You pull them down off the crown of his head and return them to their rightful place at the bridge of his nose. 

 

OH.

 

They’re still broken of course, but he visibly relaxes once they’re concealing his eyes once more– however inadequately. He runs a finger over the fracture in the lens and in his periphery he notices how close you still are, disappointed to find your hands now folded in your lap. He mourns that last touch, writes the feeling of your fingers through his hair to memory. 

 

He isn’t quite ready for this to end.

 

He looks down at himself, fine roves of bandaging on his arm, the extent of which he only now fully realizes (maybe he was a little farsighted, not that he would ever tell anyone). A physical manifestation that someone gives a shit about him, that you care. 

 

That bottle on the shelf catches a fleck of neon city light shining in through the window, and casts it back with that motor-oil-on-water opalescence that caught his eye all those weeks ago.

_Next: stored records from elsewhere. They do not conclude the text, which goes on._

lemma image_floor:
  assumes "forest T le" "finite S" "i ` S \<subseteq> T" "t \<in> T" "\<exists>x\<in>S. le (i x) t"
  shows "image_floor S le i t \<in> S" "le (i (image_floor S le i t)) t"
    and "\<And>y. y \<in> S \<Longrightarrow> le (i y) t \<Longrightarrow> le (i y) (i (image_floor S le i t))"
proof -
  from assms(1) have po: "porder_on T le"
    and chain: "\<forall>w\<in>T. \<forall>u\<in>T. \<forall>v\<in>T. le u w \<and> le v w \<longrightarrow> le u v \<or> le v u"
    by (simp_all add: forest_def)
  let ?L = "{x\<in>S. le (i x) t}"
  have "\<exists>m\<in>?L. \<forall>u\<in>?L. le (i u) (i m)"
  proof (rule finite_chain_has_greatest)
    show "finite ?L" using assms(2) by simp
    show "?L \<noteq> {}" using assms(5) by blast
    show "\<forall>x\<in>?L. \<forall>y\<in>?L. le (i x) (i y) \<or> le (i y) (i x)"
      using chain assms(3,4) by blast
    show "\<forall>x\<in>?L. \<forall>y\<in>?L. \<forall>z\<in>?L. le (i x) (i y) \<and> le (i y) (i z) \<longrightarrow> le (i x) (i z)"
      using po assms(3) unfolding porder_on_def by blast
  qed
  then have "\<exists>x. x \<in> S \<and> le (i x) t \<and> (\<forall>y\<in>S. le (i y) t \<longrightarrow> le (i y) (i x))"
    by blast
  from someI_ex[OF this] show "image_floor S le i t \<in> S" "le (i (image_floor S le i t)) t"
    and "\<And>y. y \<in> S \<Longrightarrow> le (i y) t \<Longrightarrow> le (i y) (i (image_floor S le i t))"
    unfolding image_floor_def by blast+
qed

lemma image_floor_image:
  assumes "forest T le" "finite S" "i ` S \<subseteq> T" "inj_on i S" "x \<in> S"
  shows "image_floor S le i (i x) = x"
proof -
  have po: "porder_on T le" using assms(1) by (simp add: forest_def)
  have ix: "i x \<in> T" using assms(3,5) by blast
  have "le (i x) (i x)" using po ix unfolding porder_on_def by blast
  then have "\<exists>y\<in>S. le (i y) (i x)" using assms(5) by blast
  note floor = image_floor[OF assms(1-3) ix this]
  have "i (image_floor S le i (i x)) = i x"
    using po floor(1,2) floor(3)[OF assms(5) \<open>le (i x) (i x)\<close>] ix assms(3)
    unfolding porder_on_def by blast
  then show ?thesis using inj_onD[OF assms(4)] floor(1) assms(5) by blast
qed

definition a_plus_retraction :: "'c \<Rightarrow> 'a set \<Rightarrow> ('b \<Rightarrow> 'b \<Rightarrow> bool) \<Rightarrow> ('a \<Rightarrow> 'b) \<Rightarrow> 'c + 'b \<Rightarrow> 'c + 'a" where
  "a_plus_retraction amax S le i w = (case w of
      Inl a \<Rightarrow> Inl a
    | Inr t \<Rightarrow> if \<exists>x\<in>S. le (i x) t then Inr (image_floor S le i t) else Inl amax)"

lemma rigid_surj_inj_a_plus_retraction:
  assumes T: "forest T leT" and S: "finite S" "i ` S \<subseteq> T" "inj_on i S"
    and A: "porder_on A leA" "amax \<in> A"
    and e: "ot_morphism (a_plus A S) (a_plus_rel leA leS) (a_plus_rel leA loS)
      (a_plus A T) (a_plus_rel leA leT) (a_plus_rel leA loT) (map_sum id i)"
  shows "rigid_surj_inj (a_plus A T) (a_plus_rel leA leT) (a_plus_rel leA loT)
    (a_plus A S) (a_plus_rel leA leS) (a_plus_rel leA loS)
    (a_plus_retraction amax S leT i) (map_sum id i)"
proof -
  let ?s = "a_plus_retraction amax S leT i"
  have retract: "?s w \<in> a_plus A S \<and> a_plus_rel leA leT (map_sum id i (?s w)) w"
    if "w \<in> a_plus A T" for w
    using that
  proof (elim a_plusE)
    fix a assume "w = Inl a" "a \<in> A"
    moreover have "leA a a" using A(1) \<open>a \<in> A\<close> unfolding porder_on_def by blast
    ultimately show ?thesis by (simp add: a_plus_retraction_def)
  next
    fix t assume "w = Inr t" "t \<in> T"
    then show ?thesis
      using image_floor(1,2)[OF T S(1,2) \<open>t \<in> T\<close>] A(2) by (simp add: a_plus_retraction_def)
  qed
  have left_inverse: "?s (map_sum id i v) = v" if "v \<in> a_plus A S" for v
    using that
  proof (elim a_plusE)
    fix x assume "v = Inr x" "x \<in> S"
    moreover have "leT (i x) (i x)"
      using T S(2) \<open>x \<in> S\<close> unfolding forest_def porder_on_def by blast
    ultimately show ?thesis
      using image_floor_image[OF T S] by (auto simp: a_plus_retraction_def)
  qed (simp add: a_plus_retraction_def)
  show ?thesis
    unfolding rigid_surj_inj_def
    by (intro conjI image_subsetI ballI) (simp_all add: retract left_inverse e)
qed

theorem lemma4p10:
  fixes S :: "'a set" and leS loS :: "'a \<Rightarrow> 'a \<Rightarrow> bool"
    and T :: "'b set" and leT loT :: "'b \<Rightarrow> 'b \<Rightarrow> bool"
    and A :: "'c set" and leA :: "'c \<Rightarrow> 'c \<Rightarrow> bool"
    and i :: "'a \<Rightarrow> 'b"
  assumes "ordered_forest S leS loS"
    and "ordered_forest T leT loT"
    and "finite A" and "A \<noteq> {}" and "linorder_on A leA"
    and "tree_embedding S leS loS T leT loT i"
  shows "\<exists>s e. A_rigid_surj_inj A leA T leT loT S leS loS s e \<and>
                (\<forall>x\<in>S. e (Inr x) = Inr (i x))"
proof -
  have poA: "porder_on A leA" and totA: "\<forall>x\<in>A. \<forall>y\<in>A. leA x y \<or> leA y x"
    using assms(5) by (simp_all add: linorder_on_def)
  obtain amax where amax: "amax \<in> A" "\<forall>c\<in>A. leA c amax"
    using finite_chain_has_greatest[of A leA] assms(3,4) totA poA unfolding porder_on_def by blast
  obtain amin where amin: "amin \<in> A" "\<forall>c\<in>A. leA amin c"
    using finite_chain_has_greatest[of A "\<lambda>x y. leA y x"] assms(3,4) totA poA
    unfolding porder_on_def by blast
  have T: "forest T leT" and S: "finite S"
    using assms(1,2) by (simp_all add: ordered_forest_def forest_def)
  have iST: "i ` S \<subseteq> T" using assms(6) by (simp add: tree_embedding_def)
  have "rigid_surj_inj (a_plus A T) (a_plus_rel leA leT) (a_plus_rel leA loT)
      (a_plus A S) (a_plus_rel leA leS) (a_plus_rel leA loS)
      (a_plus_retraction amax S leT i) (map_sum id i)"
    by (rule rigid_surj_inj_a_plus_retraction[OF T S iST tree_embedding_inj_on[OF assms(6)]
          poA amax(1) ot_morphism_a_plus_map_sum[OF assms(1,2,5) amin amax assms(6)]])
  then have "A_rigid_surj_inj A leA T leT loT S leS loS (a_plus_retraction amax S leT i) (map_sum id i)"
    by (simp add: A_rigid_surj_inj_def a_plus_retraction_def)
  moreover have "\<forall>x\<in>S. map_sum id i (Inr x) = Inr (i x)"
    by simp
  ultimately show ?thesis by blast
qed

end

And Spamton wipes at eyes he knows are dry but feels otherwise, a puppet that can bleed but not cry. 

 

Before he can tell you just how much he appreciates all this, despite all his stubbornness, you rise and interrupt his thoughts. He sees that unfortunately-familiar look, that tense and faraway expression. Of retribution. 

 

The pain of his injuries has ebbed, but you have only gotten more upset by the hour– by the fact that he has to put up with this, after being cast out by nearly everyone in this city, after being forgotten , he couldn’t at least be granted peace?

 

“[On A Scale Of One To Ten] HOW [0pen] ARE YOU TO A [Don’t Miss This Once In A Lifetime Offer!!!]?” He interrupts your thoughts, chirping out that familiar patchwork of voices that aren’t quite his. 

 

You nearly roll your eyes, instead opting to cross your arms and give him a quirked brow. Of all the times to make a sales pitch… 

 

Ah, but he knew that look. This was a customer that was hooked. There’s that warm feeling he’ll chase again and again as long as you’ll let him. 

 

He ignores the stinging when he moves to stand, ignores your protest when you tell him to please sit back down– I don’t need you to put on a show. Opting to chatter on about sterling-silver antiques. 

 

But you’re both grinning all the while, and to an onlooker, you must look just as mad as him.

 

“FOR THE LOW, LOW PRICE OF [90% OFF!] [for participating guests only] THIS [Incriminating Evidence] STRAIGHT FROM [undisclosed location] CAN BE YOURS!” He motions, then fumbles to get something from his pocket. He’s still wobbly on his feet, still just a bit uncoordinated with his hands. 

 

“Alright, alright, I’m sold.” You put a hand on his shoulder, nudging him back to sitting. “Sit, before you hurt yourself.”

 

He takes that same hand and forms it into a cup, little porcelain digits methodically shaping your own, and places that heavy, well-won trinket into the center of your palm.